Observe 2: The animation above was created by producing separate .png information for every worth of $lambda$ $lambda$

, then stitching them collectively utilizing the `magick` bundle. My preliminary hope was to create an animation that will transition easily between the totally different suits utilizing the `gganimate` bundle however the transitions weren’t as easy as I’d have imagined them to be:  Does anybody understand how this problem might be fastened? Code for the animation is under, full code out there right here.

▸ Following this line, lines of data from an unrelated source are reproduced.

(* Let $P$ be a positive opetope and $I$ the one-dimensional positive opetope. The $\iota$-maps $P\to I$ that are surjective on faces are in bijective correspondence with the $1$-faces of $P$ lying in $P_1-\gamma(P_2)$.
   Context: A positive hypergraph $S$ consists of finite sets $S_k$ ($k\in\mathbb{N}$), only finitely many nonempty, functions $\gamma:S_{k+1}\to S_k$, and for each $k$ an assignment $\delta$ sending each $a\in S_{k+1}$ to a nonempty subset $\delta(a)\subseteq S_k$, with $\delta(a)$ a singleton for $a\in S_1$. A face is identified with its singleton; $\gamma(X)=\{\gamma(a):a\in X\}$, $\delta(X)=\bigcup_{a\in X}\delta(a)$. For $k>0$ the lower order $<^-$ on $S_k$ is the transitive closure of: $a\lhd b$ iff $\gamma(a)\in\delta(b)$. The upper order $<^+$ on $S_k$ is the transitive closure of: $a\lhd b$ iff there is $\alpha\in S_{k+1}$ with $a\in\delta(\alpha)$, $\gamma(\alpha)=b$; $a\perp^{\pm}b$ iff $a<^{\pm}b$ or $b<^{\pm}a$. A positive opetopic cardinal: $S_0\ne\emptyset$; globularity ($\gamma\gamma(a)=\gamma\delta(a)-\delta\delta(a)$, $\delta\gamma(a)=\delta\delta(a)-\gamma\delta(a)$ for $\dim a\ge2$); each $<^+$ a strict order, linear on $S_0$; for $k>0$, $\perp^-\cap\perp^+=\emptyset$ on $S_k$; for $x\in S_{k-1}$, $\{a:\gamma(a)=x\}$ and $\{a:x\in\delta(a)\}$ linearly ordered by $<^+$. A positive opetope: additionally $|P_m-\delta(P_{m+1})|\le1$ for all $m$. $\gamma^{(k)}(p)=p$ if $\dim p\le k$, else $\gamma^{(k)}(p)=\gamma(\gamma^{(k+1)}(p))$. An $\iota$-map $h:Q\to P$ of positive opetopes is a function on faces with: $\dim h(q)\le\dim q$; $h(\gamma^{(k)}(q))=\gamma^{(k)}(h(q))$ for $k\ge0$, $q\in Q_{k+1}$; and, with $\ker(h)=\{q:\dim q>\dim h(q)\}$, for $q\in Q_{k+1}$: if $\dim h(q)=k+1$, $h$ restricts to a bijection $\delta(q)-\ker(h)\to\delta(h(q))$; if $\dim h(q)=k$, to a bijection $\delta(q)-\ker(h)\to\{h(q)\}$; if $\dim h(q)<k$, $\delta(q)\subseteq\ker(h)$. $I$ denotes the positive opetope with $I_0=\{-,+\}$, $I_1=\{a\}$, $\delta(a)=\{-\}$, $\gamma(a)=+$, and no other faces. *)

theory Defs
  imports "HOL-Library.FuncSet"
begin

text \<open>A positive hypergraph on a face type 'a: a finite set of faces, each with a
dimension, a target (gam) and a set of sources (del).\<close>

record 'a phg =
  faces :: "'a set"
  dim :: "'a \<Rightarrow> nat"
  gam :: "'a \<Rightarrow> 'a"
  del :: "'a \<Rightarrow> 'a set"

definition Sk :: "'a phg \<Rightarrow> nat \<Rightarrow> 'a set" where
  "Sk S k = {a \<in> faces S. dim S a = k}"

definition Del :: "'a phg \<Rightarrow> 'a set \<Rightarrow> 'a set" where
  "Del S X = (\<Union>a\<in>X. del S a)"

definition pos_hypergraph :: "'a phg \<Rightarrow> bool" where
  "pos_hypergraph S \<longleftrightarrow> finite (faces S) \<and>
     (\<forall>k. \<forall>a \<in> Sk S (Suc k).
        gam S a \<in> Sk S k \<and> del S a \<subseteq> Sk S k \<and> del S a \<noteq> {}) \<and>
     (\<forall>a \<in> Sk S 1. \<exists>x. del S a = {x})"

definition lower_rel :: "'a phg \<Rightarrow> nat \<Rightarrow> ('a \<times> 'a) set" where
  "lower_rel S k = {(a, b). a \<in> Sk S k \<and> b \<in> Sk S k \<and> gam S a \<in> del S b}"

definition lower_lt :: "'a phg \<Rightarrow> nat \<Rightarrow> ('a \<times> 'a) set" where
  "lower_lt S k = (lower_rel S k)\<^sup>+"

definition upper_rel :: "'a phg \<Rightarrow> nat \<Rightarrow> ('a \<times> 'a) set" where
  "upper_rel S k = {(a, b). a \<in> Sk S k \<and> b \<in> Sk S k \<and>
      (\<exists>\<alpha> \<in> Sk S (Suc k). a \<in> del S \<alpha> \<and> gam S \<alpha> = b)}"

definition upper_lt :: "'a phg \<Rightarrow> nat \<Rightarrow> ('a \<times> 'a) set" where
  "upper_lt S k = (upper_rel S k)\<^sup>+"

definition comparable :: "('a \<times> 'a) set \<Rightarrow> 'a \<Rightarrow> 'a \<Rightarrow> bool" where
  "comparable R a b \<longleftrightarrow> (a, b) \<in> R \<or> (b, a) \<in> R"

definition lin_ordered_by :: "('a \<times> 'a) set \<Rightarrow> 'a set \<Rightarrow> bool" where
  "lin_ordered_by R X \<longleftrightarrow> (\<forall>a \<in> X. \<forall>b \<in> X. a \<noteq> b \<longrightarrow> comparable R a b)"

definition pos_opetopic_cardinal :: "'a phg \<Rightarrow> bool" where
  "pos_opetopic_cardinal S \<longleftrightarrow> pos_hypergraph S \<and>
     Sk S 0 \<noteq> {} \<and>
     (\<forall>a \<in> faces S. dim S a \<ge> 2 \<longrightarrow>
        {gam S (gam S a)} = gam S ` del S a - Del S (del S a) \<and>
        del S (gam S a) = Del S (del S a) - gam S ` del S a) \<and>
     (\<forall>k. irrefl_on (Sk S k) (upper_lt S k)) \<and>
     lin_ordered_by (upper_lt S 0) (Sk S 0) \<and>
     (\<forall>k > 0. \<forall>a \<in> Sk S k. \<forall>b \<in> Sk S k.
        \<not> (comparable (lower_lt S k) a b \<and> comparable (upper_lt S k) a b)) \<and>
     (\<forall>k. \<forall>x \<in> Sk S k.
        lin_ordered_by (upper_lt S (Suc k)) {a \<in> Sk S (Suc k). gam S a = x} \<and>
        lin_ordered_by (upper_lt S (Suc k)) {a \<in> Sk S (Suc k). x \<in> del S a})"

definition pos_opetope :: "'a phg \<Rightarrow> bool" where
  "pos_opetope P \<longleftrightarrow> pos_opetopic_cardinal P \<and>
     (\<forall>m. card (Sk P m - Del P (Sk P (Suc m))) \<le> 1)"

text \<open>gamma^(k)(p) = p if dim p <= k, else gamma(gamma^(k+1)(p)); i.e. gamma iterated
  (dim p - k) times.\<close>
definition gamk :: "'a phg \<Rightarrow> nat \<Rightarrow> 'a \<Rightarrow> 'a" where
  "gamk S k p = (gam S ^^ (dim S p - k)) p"

definition ker :: "'b phg \<Rightarrow> 'a phg \<Rightarrow> ('b \<Rightarrow> 'a) \<Rightarrow> 'b set" where
  "ker Q P h = {q \<in> faces Q. dim P (h q) < dim Q q}"

definition iota_map :: "'b phg \<Rightarrow> 'a phg \<Rightarrow> ('b \<Rightarrow> 'a) \<Rightarrow> bool" where
  "iota_map Q P h \<longleftrightarrow>
     (\<forall>q \<in> faces Q. h q \<in> faces P) \<and>
     (\<forall>q \<in> faces Q. dim P (h q) \<le> dim Q q) \<and>
     (\<forall>k. \<forall>q \<in> Sk Q (Suc k). h (gamk Q k q) = gamk P k (h q)) \<and>
     (\<forall>k. \<forall>q \<in> Sk Q (Suc k).
        (dim P (h q) = Suc k \<longrightarrow> bij_betw h (del Q q - ker Q P h) (del P (h q))) \<and>
        (dim P (h q) = k \<longrightarrow> bij_betw h (del Q q - ker Q P h) {h q}) \<and>
        (dim P (h q) < k \<longrightarrow> del Q q \<subseteq> ker Q P h))"

datatype I_face = IMinus | IPlus | IA

definition I_op :: "I_face phg" where
  "I_op = \<lparr> faces = {IMinus, IPlus, IA},
            dim = (\<lambda>x. if x = IA then 1 else 0),
            gam = (\<lambda>x. if x = IA then IPlus else x),
            del = (\<lambda>x. if x = IA then {IMinus} else {}) \<rparr>"

end

theory Submission
  imports Defs
begin

text \<open>An \<open>\<iota>\<close>-map \<open>h : P \<rightarrow> I\<close> is determined by its values on vertices, since a face of dimension
  at least two must go where its target goes; the vertices sent to \<open>-\<close> form a down-closed set
  for the linear order \<open><\<^sup>+\<close> on \<open>P\<^sub>0\<close>. If \<open>h\<close> is onto, the last vertex sent to \<open>-\<close> is the
  source of an edge of \<open>P\<^sub>1 - \<gamma>(P\<^sub>2)\<close> sent to the arrow. Such an edge is unique because no vertex
  lies strictly between the endpoints of an edge of \<open>P\<^sub>1 - \<gamma>(P\<^sub>2)\<close>, so the cut is the down-set of
  its source. Conversely, cutting \<open>P\<^sub>0\<close> below the source of such an edge gives an \<open>\<iota>\<close>-map: by
  globularity, and since source and target are injective on \<open>\<delta>(\<alpha>)\<close>, exactly one source of a
  2-face \<open>\<alpha>\<close> crosses the cut iff \<open>\<gamma>(\<alpha>)\<close> does.\<close>

lemma gamk_Suc: "q \<in> Sk S (Suc k) \<Longrightarrow> gamk S k q = gam S q"
  unfolding gamk_def Sk_def by simp

lemma I_faces [simp]: "faces I_op = {IMinus, IPlus, IA}"
  and I_dim [simp]: "dim I_op x = (if x = IA then 1 else 0)"
  and I_gam [simp]: "gam I_op x = (if x = IA then IPlus else x)"
  and I_del [simp]: "del I_op x = (if x = IA then {IMinus} else {})"
  by (simp_all add: I_op_def)

lemma gamk_I: "gamk I_op k x = (if x = IA \<and> k = 0 then IPlus else x)"
  unfolding gamk_def by (cases x) auto

lemma card_Int_split_singleton:
  assumes "finite S" "S - G = {s}"
  shows "card (S \<inter> D) = card (S \<inter> G \<inter> D) + card ({s} \<inter> D)"
proof -
  have "S \<inter> D = (S \<inter> G \<inter> D) \<union> ({s} \<inter> D)" using assms(2) by blast
  moreover have "(S \<inter> G \<inter> D) \<inter> ({s} \<inter> D) = {}" using assms(2) by blast
  ultimately show ?thesis using assms(1) by (simp add: card_Un_disjoint)
qed

locale opetopic_cardinal =
  fixes P :: "'a phg"
  assumes cardinal: "pos_opetopic_cardinal P"
begin

lemma pos_hypergraph: "pos_hypergraph P"
  using cardinal unfolding pos_opetopic_cardinal_def by blast

lemma finite_Sk: "finite (Sk P k)"
  using pos_hypergraph unfolding pos_hypergraph_def Sk_def by simp

lemma Sk_faces: "x \<in> Sk P k \<Longrightarrow> x \<in> faces P"
  and Sk_dim: "x \<in> Sk P k \<Longrightarrow> dim P x = k"
  and SkI: "x \<in> faces P \<Longrightarrow> dim P x = k \<Longrightarrow> x \<in> Sk P k"
  unfolding Sk_def by auto

lemma gam_Sk: "a \<in> Sk P (Suc k) \<Longrightarrow> gam P a \<in> Sk P k"
  and del_Sk: "a \<in> Sk P (Suc k) \<Longrightarrow> del P a \<subseteq> Sk P k"
  using pos_hypergraph unfolding pos_hypergraph_def by blast+

lemma gam_Sk1: "e \<in> Sk P 1 \<Longrightarrow> gam P e \<in> Sk P 0"
  using gam_Sk[of e 0] by simp

lemma gam_Sk2: "\<alpha> \<in> Sk P 2 \<Longrightarrow> gam P \<alpha> \<in> Sk P 1"
  and del_Sk2: "\<alpha> \<in> Sk P 2 \<Longrightarrow> del P \<alpha> \<subseteq> Sk P 1"
  using gam_Sk[of \<alpha> 1] del_Sk[of \<alpha> 1] by (simp_all add: numeral_2_eq_2)

lemma face_induct [consumes 1, case_names vertex edge higher]:
  assumes "q \<in> faces P"
    and "\<And>x. x \<in> Sk P 0 \<Longrightarrow> Q x"
    and "\<And>e. e \<in> Sk P 1 \<Longrightarrow> Q e"
    and "\<And>q k. q \<in> Sk P (Suc (Suc k)) \<Longrightarrow> Q (gam P q) \<Longrightarrow> Q q"
  shows "Q q"
  using assms(1)
proof (induction "dim P q" arbitrary: q rule: less_induct)
  case less
  consider "dim P q = 0" | "dim P q = 1" | k where "dim P q = Suc (Suc k)"
    by (metis One_nat_def not0_implies_Suc)
  then show ?case
  proof cases
    case 3
    then have q: "q \<in> Sk P (Suc (Suc k))" using less.prems by (rule SkI[rotated])
    have "Q (gam P q)"
      using less.hyps gam_Sk[OF q] Sk_dim Sk_faces q by (metis lessI)
    then show ?thesis using assms(4)[OF q] by blast
  qed (use less.prems SkI assms(2,3) in blast)+
qed
lemma symmetric_borel_representative:
  fixes P :: "('i \<Rightarrow> 'a) \<Rightarrow> real"
  assumes I: "finite I" and P: "P \<in> borel_measurable (completion (PiM I (\<lambda>_. M)))"
    and P_sym: "\<And>x \<sigma>. x \<in> space (PiM I (\<lambda>_. M)) \<Longrightarrow> \<sigma> permutes I \<Longrightarrow> P (x \<circ> \<sigma>) = P x"
  obtains f where "f \<in> borel_measurable (PiM I (\<lambda>_. M))"
    and "\<And>x \<sigma>. x \<in> space (PiM I (\<lambda>_. M)) \<Longrightarrow> \<sigma> permutes I \<Longrightarrow> f (x \<circ> \<sigma>) = f x"
    and "AE x in PiM I (\<lambda>_. M). P x = f x"
proof -
  let ?L = "PiM I (\<lambda>_. M)"
  obtain g where g: "g \<in> borel_measurable ?L" and Pg: "AE x in ?L. P x = g x"
    using completion_ex_borel_measurable_real[OF P] by blast
  \<comment> \<open>The set where \<open>g\<close> is symmetric is itself permutation invariant, so \<open>g\<close> restricted to it is symmetric.\<close>
  define S where "S = {x \<in> space ?L. \<forall>\<sigma>\<in>{\<sigma>. \<sigma> permutes I}. g (x \<circ> \<sigma>) = g x}"
  define f where "f x = (if x \<in> S then g x else 0)" for x
  have "S \<in> sets ?L"
    unfolding S_def
  proof (rule sets.sets_Collect_finite_All')
    fix \<sigma> assume "\<sigma> \<in> {\<sigma>. \<sigma> permutes I}"
    then have "(\<lambda>x. g (x \<circ> \<sigma>)) \<in> borel_measurable ?L"
      using measurable_compose[OF measurable_PiM_permute g] by simp
    then show "{x \<in> space ?L. g (x \<circ> \<sigma>) = g x} \<in> sets ?L"
      using g by measurable
  qed (auto simp: I finite_permutations intro: permutes_id)
  then have "f \<in> borel_measurable ?L"
    unfolding f_def using g by (intro measurable_If_set) auto
  moreover have S_perm: "x \<circ> \<tau> \<in> S" if "x \<in> S" "\<tau> permutes I" for x \<tau>
    using that measurable_space[OF measurable_PiM_permute[OF that(2)]]
    by (auto simp: S_def o_assoc[symmetric] permutes_compose)
  have "f (x \<circ> \<tau>) = f x" if x: "x \<in> space ?L" and \<tau>: "\<tau> permutes I" for x \<tau>
  proof -
    have "x \<circ> \<tau> \<circ> inv \<tau> = x"
      using permutes_inv_o(1)[OF \<tau>] by (simp add: o_assoc[symmetric])
    then have "x \<circ> \<tau> \<in> S \<longleftrightarrow> x \<in> S"
      using S_perm[of "x \<circ> \<tau>" "inv \<tau>"] S_perm[of x \<tau>] \<tau> permutes_inv[OF \<tau>] by auto
    then show ?thesis
      using \<tau> by (auto simp: f_def S_def)
  qed
  moreover have "AE x in ?L. \<forall>\<sigma>\<in>{\<sigma>. \<sigma> permutes I}. P (x \<circ> \<sigma>) = g (x \<circ> \<sigma>)"
    using Pg by (intro AE_finite_allI AE_PiM_permute) (auto simp: I finite_permutations)
  then have "AE x in ?L. P x = f x"
  proof (rule AE_mp[OF _ AE_I2], intro impI)
    fix x assume x: "x \<in> space ?L" and Pg_perm: "\<forall>\<sigma>\<in>{\<sigma>. \<sigma> permutes I}. P (x \<circ> \<sigma>) = g (x \<circ> \<sigma>)"
    have "P x = g x"
      using Pg_perm[rule_format, of id] by simp
    moreover have "x \<in> S"
      using x Pg_perm P_sym \<open>P x = g x\<close> by (auto simp: S_def)
    ultimately show "P x = f x" by (simp add: f_def)
  qed
  ultimately show ?thesis using that by blast
qed

lemma cmult_marginal_last_eq:
  assumes f: "f \<in> borel_measurable (PiM {..<Suc n} (\<lambda>_. M))" and x: "x \<in> space (PiM {..<Suc n} (\<lambda>_. M))"
  shows "c * marginal M (Suc n) f n x = (\<integral>\<^sup>+ t. c * ennreal (f (x(n := t))) \<partial>M)"
proof -
  interpret product_sigma_finite "\<lambda>_. M" by (rule product_sigma_finite_const)
  have "(\<lambda>t. x(n := t)) \<in> M \<rightarrow>\<^sub>M PiM {..<Suc n} (\<lambda>_. M)"
    using x by (intro measurable_fun_upd[where J = "{..<Suc n}"]) auto
  then have upd: "(\<lambda>t. ennreal (f (x(n := t)))) \<in> borel_measurable M"
    using f by measurable
  have "marginal M (Suc n) f n x = (\<integral>\<^sup>+ y. ennreal (f (merge {..<n} {n} (x, y))) \<partial>PiM {n} (\<lambda>_. M))"
    by (simp add: marginal_eq_nn_integral_PiM)
  also have "\<dots> = (\<integral>\<^sup>+ y. ennreal (f (x(n := y n))) \<partial>PiM {n} (\<lambda>_. M))"
    using x by (intro nn_integral_cong) (auto simp: space_PiM PiE_def extensional_def lessThan_Suc
        intro!: arg_cong[where f = f])
  also have "\<dots> = (\<integral>\<^sup>+ t. ennreal (f (x(n := t))) \<partial>M)"
    using upd by (rule product_nn_integral_singleton)
  finally show ?thesis
    using upd by (simp add: nn_integral_cmult)
qed

lemma cmult_marginal_eq_iterated:
  assumes f: "f \<in> borel_measurable (PiM {..<N} (\<lambda>_. M))" and x: "x \<in> space (PiM {..<N} (\<lambda>_. M))"
    and k: "k < N"
  shows "c * marginal M N f k x = (\<integral>\<^sup>+ y. (\<integral>\<^sup>+ t. c * ennreal (f (merge {..<k} {k..<N} (x, y(k := t)))) \<partial>M)
      \<partial>PiM {Suc k..<N} (\<lambda>_. M))"
proof -
  interpret product_sigma_finite "\<lambda>_. M" by (rule product_sigma_finite_const)
  have split: "{..<k} \<union> {k..<N} = {..<N}" and insert: "insert k {Suc k..<N} = {k..<N}"
    using k by (simp add: ivl_disj_un_one(2), force)
  have "restrict x {..<k} \<in> space (PiM {..<k} (\<lambda>_. M))"
    using k by (intro measurable_space[OF measurable_restrict_subset x]) simp
  then have "(\<lambda>v. merge {..<k} {k..<N} (x, v)) \<in> PiM {k..<N} (\<lambda>_. M) \<rightarrow>\<^sub>M PiM {..<N} (\<lambda>_. M)"
    using measurable_merge_left_fixed[of "restrict x {..<k}" "{..<k}" "\<lambda>_. M" "{k..<N}"] split by simp
  then have h: "(\<lambda>v. ennreal (f (merge {..<k} {k..<N} (x, v)))) \<in> borel_measurable (PiM {k..<N} (\<lambda>_. M))"
    using f by measurable
  have "c * marginal M N f k x = (\<integral>\<^sup>+ v. c * ennreal (f (merge {..<k} {k..<N} (x, v))) \<partial>PiM {k..<N} (\<lambda>_. M))"
    using h by (simp add: marginal_eq_nn_integral_PiM nn_integral_cmult)
  also have "\<dots> = (\<integral>\<^sup>+ y. (\<integral>\<^sup>+ t. c * ennreal (f (merge {..<k} {k..<N} (x, y(k := t)))) \<partial>M)
      \<partial>PiM {Suc k..<N} (\<lambda>_. M))"
    using product_nn_integral_insert[of "{Suc k..<N}" k] h insert by simp
  finally show ?thesis .
qed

```p <- ggplot(df, aes(x = x, y = beta)) + geom_path(col = "blue") + geom_point(knowledge = truth_df, aes(x = x, y = y), form = 4) + labs(title = "Almost isotonic regression suits", subtitle = paste("Lambda = ", "{lambda[as.integer(closest_state)]}")) + transition_states(iter, transition_length = 1, state_length = 2) + theme_bw() + theme(plot.title = element_text(dimension = rel(1.5), face = "daring"))
animate(p, fps = 5)
```

References:

1. Tibshirani, R. J., Hoefling, H., and Tibshirani, R. (2011). Almost-isotonic regression.